PROBLEM REQUIREMENTS. In the records below, begin at the line that has "then obtain a" and stop after the line that has "by (simp add: C_def"; quote those lines verbatim and nothing more.

RECORD SET.
(* Let $n\geq 2$. Let $M$ be the $0/1$ matrix whose rows are indexed by the derangements $\pi$ of $\{1,\dots,n\}$, whose columns are indexed by the ordered pairs $(i,j)$ with $i,j\in\{1,\dots,n-1\}$ and $i\neq j$, and whose $(\pi,(i,j))$-entry is $1$ iff $\pi(i)=j$. Then $M$ has rank $(n-1)(n-2)$.
   Context: A derangement of $\{1,\dots,n\}$ is a permutation with no fixed points. *)

theory Defs
  imports Complex_Main "HOL-Library.Function_Algebras" "HOL-Combinatorics.Permutations"
begin

definition derangements :: "nat \<Rightarrow> (nat \<Rightarrow> nat) set" where
  "derangements n = {p. p permutes {1..n} \<and> (\<forall>x\<in>{1..n}. p x \<noteq> x)}"

definition mat_rank :: "'r set \<Rightarrow> 'c set \<Rightarrow> ('r \<Rightarrow> 'c \<Rightarrow> real) \<Rightarrow> nat" where
  "mat_rank R C M =
     vector_space.dim (\<lambda>a (f :: 'c \<Rightarrow> real) c. a * f c)
       ((\<lambda>r c. if c \<in> C then M r c else 0) ` R)"

end

(*
  Given a != b in {1..n-1}, take a derangement c of {1..n-1} with c a = b.  For every z, the
  permutation c o (z n), which inserts n into the cycle of c right after z, is a derangement of
  {1..n} whose row is S - e z, where e x is the unit vector at (x, c x) and S = sum of all e x.
  The n - 1 rows so obtained sum to (n - 2) S, so S and hence e a = unit vector at (a, b) lie in
  the row space.  Thus the rows span all (n-1)(n-2) coordinate vectors.
*)
theory Submission
  imports Defs "HOL-Library.Indicator_Function" "HOL-Combinatorics.Cycles"
begin

lemma sum_fun_apply: "(sum f A :: 'a \<Rightarrow> 'b::comm_monoid_add) x = (\<Sum>a\<in>A. f a x)"
  by (induct A rule: infinite_finite_induct) auto

global_interpretation fun_vs: vector_space "\<lambda>a (f :: 'c \<Rightarrow> real) c. a * f c"
  by unfold_locales (auto simp: fun_eq_iff algebra_simps)

lemma (in vector_space) in_span_sum_minus:
  assumes "finite A" "a \<in> A" "of_nat (card A) \<noteq> (1 :: 'a)"
  shows "e a \<in> span ((\<lambda>z. sum e A - e z) ` A)"
proof -
  let ?S = "sum e A"
  have "(\<Sum>z\<in>A. ?S - e z) = scale (of_nat (card A) - 1) ?S"
    using scale_sum_left[of "\<lambda>_. 1" A ?S]
    by (simp add: sum_subtractf scale_left_diff_distrib)
  then have "?S = scale (inverse (of_nat (card A) - 1)) (\<Sum>z\<in>A. ?S - e z)"
    using assms(3) by simp
  also have "\<dots> \<in> span ((\<lambda>z. ?S - e z) ` A)"
    by (intro span_scale span_sum span_base imageI)
  finally have "?S \<in> span ((\<lambda>z. ?S - e z) ` A)" .
  moreover have "?S - e a \<in> span ((\<lambda>z. ?S - e z) ` A)"
    using assms(2) by (intro span_base imageI)
  ultimately show ?thesis
    using span_diff by fastforce
qed

lemma fun_vs_independent_indicators:
  fixes C :: "'c set"
  shows "fun_vs.independent ((\<lambda>c. (indicator {c} :: 'c \<Rightarrow> real)) ` C)"
proof (unfold fun_vs.independent_explicit_module, clarify)
  fix T u v
  assume T: "finite T" "T \<subseteq> (\<lambda>c. indicator {c}) ` C" "v \<in> T"
    and combination: "(\<Sum>w\<in>T. (\<lambda>x. u w * w x)) = (0 :: 'c \<Rightarrow> real)"
  obtain c where v: "v = indicator {c}"
    using T(2,3) by blast
  have at_c: "w c = (if w = v then 1 else 0)" if "w \<in> T" for w
    using that T(2) by (auto simp: v indicator_def fun_eq_iff)
  have "0 = (\<Sum>w\<in>T. u w * w c)"
    using fun_cong[OF combination, of c] by (simp add: sum_fun_apply)
  also have "\<dots> = (\<Sum>w\<in>T. if w = v then u w else 0)"
    by (intro sum.cong refl) (simp add: at_c)
  also have "\<dots> = u v"
    using T(1,3) by (simp add: sum.delta')
  finally show "u v = 0" ..
qed

lemma fun_vs_in_span_indicators:
  fixes v :: "'c \<Rightarrow> real"
  assumes "finite C" "\<And>c. c \<notin> C \<Longrightarrow> v c = 0"
  shows "v \<in> fun_vs.span ((\<lambda>c. indicator {c}) ` C)"
proof -
  have "(\<Sum>c\<in>C. v c * indicator {c} x) = v x" for x
  proof -
    have "(\<Sum>c\<in>C. v c * indicator {c} x) = (\<Sum>c\<in>C. if c = x then v c else 0)"
      by (intro sum.cong refl) (simp add: indicator_def)
    also have "\<dots> = v x"
      using assms by (simp add: sum.delta')
    finally show ?thesis .
  qed
  then have "v = (\<Sum>c\<in>C. (\<lambda>x. v c * indicator {c} x))"
    by (simp add: fun_eq_iff sum_fun_apply)
  also have "\<dots> \<in> fun_vs.span ((\<lambda>c. indicator {c}) ` C)"
    by (intro fun_vs.span_sum fun_vs.span_scale fun_vs.span_base imageI)
  finally show ?thesis .
qed

lemma fun_vs_dim_eq_card:
  fixes V :: "('c \<Rightarrow> real) set"
  assumes "finite C" and supported: "\<And>v c. v \<in> V \<Longrightarrow> c \<notin> C \<Longrightarrow> v c = 0"
    and indicators: "\<And>c. c \<in> C \<Longrightarrow> indicator {c} \<in> fun_vs.span V"
  shows "fun_vs.dim V = card C"
proof -
  let ?B = "(\<lambda>c. indicator {c} :: 'c \<Rightarrow> real) ` C"
  have "inj_on (\<lambda>c. indicator {c} :: 'c \<Rightarrow> real) C"
    by (rule inj_onI) (metis indicator_simps singletonD singletonI zero_neq_one)
  then have "card ?B = card C"
    by (rule card_image)
  moreover have "fun_vs.span V \<subseteq> fun_vs.span ?B"
    using fun_vs_in_span_indicators[OF assms(1)] supported
    by (intro fun_vs.span_minimal fun_vs.subspace_span) blast
  ultimately have "fun_vs.dim (fun_vs.span V) = card C"
    using indicators fun_vs_independent_indicators by (intro fun_vs.dim_unique) auto
  then show ?thesis
    by simp
qed

lemma mat_rank_eq_card_columns:
  assumes "finite C"
    and "\<And>c. c \<in> C \<Longrightarrow> indicator {c} \<in> fun_vs.span ((\<lambda>r c. if c \<in> C then M r c else 0) ` R)"
  shows "mat_rank R C M = card C"
  unfolding mat_rank_def using assms by (intro fun_vs_dim_eq_card) auto

lemma cycle_of_list_Cons_Cons_first:
  assumes "distinct (a # b # cs)"
  shows "cycle_of_list (a # b # cs) a = b"
proof -
  have "cycle_of_list (b # cs) a = a"
    using assms by (intro id_outside_supp) simp
  then show ?thesis
    by simp
qed

lemma cycle_of_list_no_fixpoint:
  assumes "distinct cs" "2 \<le> length cs" "x \<in> set cs"
  shows "cycle_of_list cs x \<noteq> x"
proof -
  obtain k where k: "k < length cs" "x = cs ! k"
    using assms(3) by (metis in_set_conv_nth)
  have "map (cycle_of_list cs) cs = rotate1 cs"
    using cyclic_rotation[OF assms(1), of 1] by simp
  then have "cycle_of_list cs x = cs ! (Suc k mod length cs)"
    using k by (metis nth_map nth_rotate1)
  moreover have "Suc k mod length cs \<noteq> k"
  proof (cases "Suc k < length cs")
    case False
    then have "Suc k = length cs"
      using k(1) by simp
    then show ?thesis
      using assms(2) by auto
  qed simp
  moreover have "Suc k mod length cs < length cs"
    using k(1) by (intro mod_less_divisor) linarith
  ultimately show ?thesis
    using k assms(1) by (simp add: nth_eq_iff_index_eq)
qed

lemma obtain_derangement_mapping:
  assumes "finite A" "a \<in> A" "b \<in> A" "a \<noteq> b"
  obtains c where "c permutes A" "\<forall>x\<in>A. c x \<noteq> x" "c a = b"
proof -
  obtain cs where cs: "distinct cs" "set cs = A - {a, b}"
    using assms(1) finite_distinct_list[of "A - {a, b}"] by blast
  define zs where "zs = a # b # cs"
  have zs: "distinct zs" "set zs = A" "2 \<le> length zs"
    using cs assms by (auto simp: zs_def)
  show thesis
  proof
    show "cycle_of_list zs permutes A"
      using cycle_permutes zs(2) by metis
    show "\<forall>x\<in>A. cycle_of_list zs x \<noteq> x"
      using cycle_of_list_no_fixpoint[OF zs(1,3)] zs(2) by blast
    show "cycle_of_list zs a = b"
      using zs(1) unfolding zs_def by (rule cycle_of_list_Cons_Cons_first)
  qed
qed

lemma derangement_comp_transpose_fresh:
  assumes "c permutes A" "\<forall>x\<in>A. c x \<noteq> x" "\<omega> \<notin> A" "z \<in> A"
  shows "c \<circ> transpose z \<omega> permutes insert \<omega> A"
    and "\<forall>x\<in>insert \<omega> A. (c \<circ> transpose z \<omega>) x \<noteq> x"
proof -
  show "c \<circ> transpose z \<omega> permutes insert \<omega> A"
    using assms by (intro permutes_compose permutes_swap_id permutes_subset[OF assms(1)]) auto
  show "\<forall>x\<in>insert \<omega> A. (c \<circ> transpose z \<omega>) x \<noteq> x"
    using assms permutes_not_in[OF assms(1) assms(3)] permutes_in_image[OF assms(1)]
    by (auto simp: transpose_def)
qed

lemma graph_comp_transpose_fresh:
  assumes "c permutes A" "\<forall>x\<in>A. c x \<noteq> x" "\<omega> \<notin> A" "z \<in> A"
  shows "{(i, j) \<in> A \<times> A - Id. (c \<circ> transpose z \<omega>) i = j} = (\<lambda>x. (x, c x)) ` (A - {z})"
  using assms permutes_in_image[OF assms(1)] by (auto simp: transpose_def)

lemma indicator_graph:
  assumes "finite B"
  shows "indicator ((\<lambda>x. (x, f x)) ` B) = (\<Sum>x\<in>B. indicator {(x, f x)})"
proof -
  have "(\<lambda>x. (x, f x)) ` B = (\<Union>x\<in>B. {(x, f x)})"
    by blast
  then show ?thesis
    unfolding fun_eq_iff sum_fun_apply
    by (auto intro: indicator_UN_disjoint[OF assms] simp: disjoint_family_on_def)
qed

lemma indicator_in_span_derangement_rows:
  assumes ab: "a \<in> {1..m}" "b \<in> {1..m}" "a \<noteq> b"
  shows "indicator {(a, b)} \<in> fun_vs.span
           ((\<lambda>p. indicator {(i, j) \<in> {1..m} \<times> {1..m} - Id. p i = j}) ` derangements (Suc m))"
    (is "_ \<in> fun_vs.span (?row ` _)")
proof -
  let ?A = "{1..m}"
  obtain c where c: "c permutes ?A" "\<forall>x\<in>?A. c x \<noteq> x" "c a = b"
    using obtain_derangement_mapping[OF _ ab] by blast
  define e :: "nat \<Rightarrow> nat \<times> nat \<Rightarrow> real" where "e x = indicator {(x, c x)}" for x
  have fresh: "Suc m \<notin> ?A" and insert_fresh: "insert (Suc m) ?A = {1..Suc m}"
    by auto
  have rows: "sum e ?A - e z \<in> ?row ` derangements (Suc m)" if z: "z \<in> ?A" for z
  proof
    let ?\<tau> = "c \<circ> transpose z (Suc m)"
    show "?\<tau> \<in> derangements (Suc m)"
      using derangement_comp_transpose_fresh[OF c(1,2) fresh z]
      unfolding derangements_def insert_fresh by blast
    have "?row ?\<tau> = indicator ((\<lambda>x. (x, c x)) ` (?A - {z}))"
      using graph_comp_transpose_fresh[OF c(1,2) fresh z] by simp
    also have "\<dots> = sum e (?A - {z})"
      by (simp add: indicator_graph e_def)
    also have "\<dots> = sum e ?A - e z"
      using z by (simp add: sum_diff1)
    finally show "sum e ?A - e z = ?row ?\<tau>" ..
  qed
  have "e a \<in> fun_vs.span ((\<lambda>z. sum e ?A - e z) ` ?A)"
    using ab by (intro fun_vs.in_span_sum_minus) auto
  also have "\<dots> \<subseteq> fun_vs.span (?row ` derangements (Suc m))"
    using rows by (intro fun_vs.span_mono) blast
  finally show ?thesis
    by (simp add: e_def c(3))
qed

lemma card_off_diagonal:
  assumes "finite A"
  shows "card (A \<times> A - Id) = card A * (card A - 1)"
proof -
  have "A \<times> A - Id = A \<times> A - (\<lambda>x. (x, x)) ` A"
    by auto
  moreover have "card ((\<lambda>x. (x, x)) ` A) = card A"
    by (simp add: card_image inj_on_def)
  moreover have "(\<lambda>x. (x, x)) ` A \<subseteq> A \<times> A"
    by auto
  ultimately show ?thesis
    using assms by (simp add: card_Diff_subset card_cartesian_product diff_mult_distrib2)
qed

theorem lemma10:
  fixes n :: nat
  assumes "n \<ge> 2"
  shows "mat_rank (derangements n) {(i, j). i \<in> {1..n-1} \<and> j \<in> {1..n-1} \<and> i \<noteq> j}
           (\<lambda>\<pi> (i, j). if \<pi> i = j then 1 else 0)
         = (n - 1) * (n - 2)"
proof -
  define m where "m = n - 1"
  have n: "n = Suc m"
    using assms by (simp add: m_def)
  define C where "C = {1..m} \<times> {1..m} - Id"
  define M :: "(nat \<Rightarrow> nat) \<Rightarrow> nat \<times> nat \<Rightarrow> real"
    where "M = (\<lambda>\<pi> (i, j). if \<pi> i = j then 1 else 0)"
  have rows: "(\<lambda>\<pi> c. if c \<in> C then M \<pi> c else 0) = (\<lambda>\<pi>. indicator {(i, j) \<in> C. \<pi> i = j})"
    by (auto simp: fun_eq_iff indicator_def M_def)
  have "mat_rank (derangements n) C M = card C"
  proof (rule mat_rank_eq_card_columns)
    fix c
    assume "c \<in> C"
    then obtain a b where ab: "c = (a, b)" "a \<in> {1..m}" "b \<in> {1..m}" "a \<noteq> b"
      by (cases c) (auto simp: C_def)
    show "indicator {c} \<in> fun_vs.span ((\<lambda>\<pi> c. if c \<in> C then M \<pi> c else 0) ` derangements n)"
      unfolding rows unfolding C_def n ab(1) by (rule indicator_in_span_derangement_rows[OF ab(2-4)])
  qed (simp add: C_def)
  also have "card C = (n - 1) * (n - 2)"
    by (simp add: C_def card_off_diagonal m_def numeral_2_eq_2)
  moreover have "{(i, j). i \<in> {1..n-1} \<and> j \<in> {1..n-1} \<and> i \<noteq> j} = C"
    by (auto simp: C_def m_def)
  ultimately show ?thesis
    by (simp add: M_def)
qed

end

ANSWER TO THE EXERCISE.
    then obtain a b where ab: "c = (a, b)" "a \<in> {1..m}" "b \<in> {1..m}" "a \<noteq> b"
      by (cases c) (auto simp: C_def)
    show "indicator {c} \<in> fun_vs.span ((\<lambda>\<pi> c. if c \<in> C then M \<pi> c else 0) ` derangements n)"
      unfolding rows unfolding C_def n ab(1) by (rule indicator_in_span_derangement_rows[OF ab(2-4)])
  qed (simp add: C_def)
  also have "card C = (n - 1) * (n - 2)"
    by (simp add: C_def card_off_diagonal m_def numeral_2_eq_2)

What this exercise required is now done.